While creating such a garden sounds like a lofty goal, she said anyone can incorporate elements of it into their own yards. The Pollinator Conservation Garden at the University of Utah is open for the public to visit and find ideas.

"The wonderful thing about pollinator conservation gardens is that not only are they appealing to the pollinators, they tend to be beautiful to the human eye because its flowers, and many of the flowering plants that appeal to our solitary native bees, are also xeric friendly, compatible with xeriscapes, so they're easily incorporated into a xeri-friendly water-wise garden as well as pollinator-friendly garden," Sibul explained.

Xeriscapes are landscapes that require little to no irrigation and maintenance — a welcome idea to many while the West experiences a drought, she noted.

"We don't need lawns anywhere as much as we tend to have in our West," Sibul said.

A bumblebee lands on a coneflower in the Pollinator Conservation Garden at the University of Utah in Salt Lake City on Tuesday, July 20, 2021.
A bumblebee lands on a coneflower in the Pollinator Conservation Garden at the University of Utah in Salt Lake City on Tuesday, July 20, 2021. (Photo: Kristin Murphy, Deseret News)

Perennial plants that bloom in Utah from March to October are ideal for pollinator habitats, she said.

We all need to make efforts to help bees survive "because the declines are real, and at some point, it'll result in the collapse of our agricultural systems, or at least make it much more expensive to pollinate," according to Sibul.

"The good news is that it doesn't take much, we just all have to contribute to the collaborative effort."

She offered the following three ideas we can all use to preserve bee populations:

  • Provide the two elements that bees need — food and nesting space.
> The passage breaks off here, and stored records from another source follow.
(* 1. A general additive drift lower bound: if a bounded potential G >= 0 vanishes on
      optimal states and decreases in expectation by at most 1 per step of a Markov
      kernel K, then the expected hitting time of the optimal states is at least G(x0).
   2. For trees, let k be the number of positive literals x_i occurring in the tree and
      take the potential 2n H(n - k) (H the harmonic numbers).  A single HVL-Prime
      operation introduces at most one new literal u into the leaf list; k grows only if
      u is one of the n - k missing positive literals, which happens with probability
      (n - k)/(2n), and then the potential drops by 2n/(n - k).  Selection either takes
      the offspring or keeps the current tree, so the expected decrease is <= 1.
   3. ORDER and MAJORITY are both bounded by k and reach n on the tree x_1 ... x_n, so an
      optimal tree has k = n, i.e. potential 0, while the empty tree has potential
      2n H(n) >= n ln n. *)

section \<open>An additive drift lower bound for Markov chains\<close>

text \<open>A series bounded below by its partial sums up to any t plus a multiple of its t-th
  term is bounded below by the same constant, because the terms of a convergent series
  tend to 0.\<close>
lemma suminf_lower_bound_from_partial_sums:
  fixes p :: "nat \<Rightarrow> real"
  assumes p: "\<And>s. 0 \<le> p s" and c: "0 \<le> c"
    and partial: "\<And>t. ennreal a \<le> (\<Sum>s<t. ennreal (p s)) + ennreal c * ennreal (p t)"
  shows "ennreal a \<le> (\<Sum>s. ennreal (p s))"
proof (cases "(\<Sum>s. ennreal (p s)) = top")
  case False
  have sm: "summable p" using summable_suminf_not_top[OF p False] .
  have "a \<le> suminf p + c * p t" for t
  proof -
    have "ennreal a \<le> ennreal (sum p {..<t} + c * p t)"
      using partial[of t] p c
      by (simp add: sum_ennreal ennreal_mult'[symmetric] ennreal_plus[symmetric] sum_nonneg
               del: ennreal_plus)
    then have "a \<le> sum p {..<t} + c * p t"
      using p c by (subst (asm) ennreal_le_iff) (auto intro!: add_nonneg_nonneg sum_nonneg)
    moreover have "sum p {..<t} \<le> suminf p" using sm p by (intro sum_le_suminf) auto
    ultimately show ?thesis by linarith
  qed
  moreover have "(\<lambda>t. suminf p + c * p t) \<longlonglongrightarrow> suminf p + c * 0"
    by (intro tendsto_intros summable_LIMSEQ_zero sm)
  ultimately have "a \<le> suminf p" by (intro LIMSEQ_le_const) auto
  then show ?thesis using suminf_ennreal[OF p False] by (simp add: ennreal_leI)
qed simp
Plant flowers and leave bare spots of soil for nesting. You can also build or buy a nesting box for solitary nesting bees.
  • Avoid using insecticides in your yard. "We need to be careful with our insecticides, we need to understand that insecticides kill insects broadly," including pollinators, Sibul said.
  • Bees need water, too. During hot summer days, you can leave out shallow trays of water with pebbles that bees, other insects and hummingbirds can access. To avoid drawing mosquitoes, use a small tray with just enough water for a bee to land on.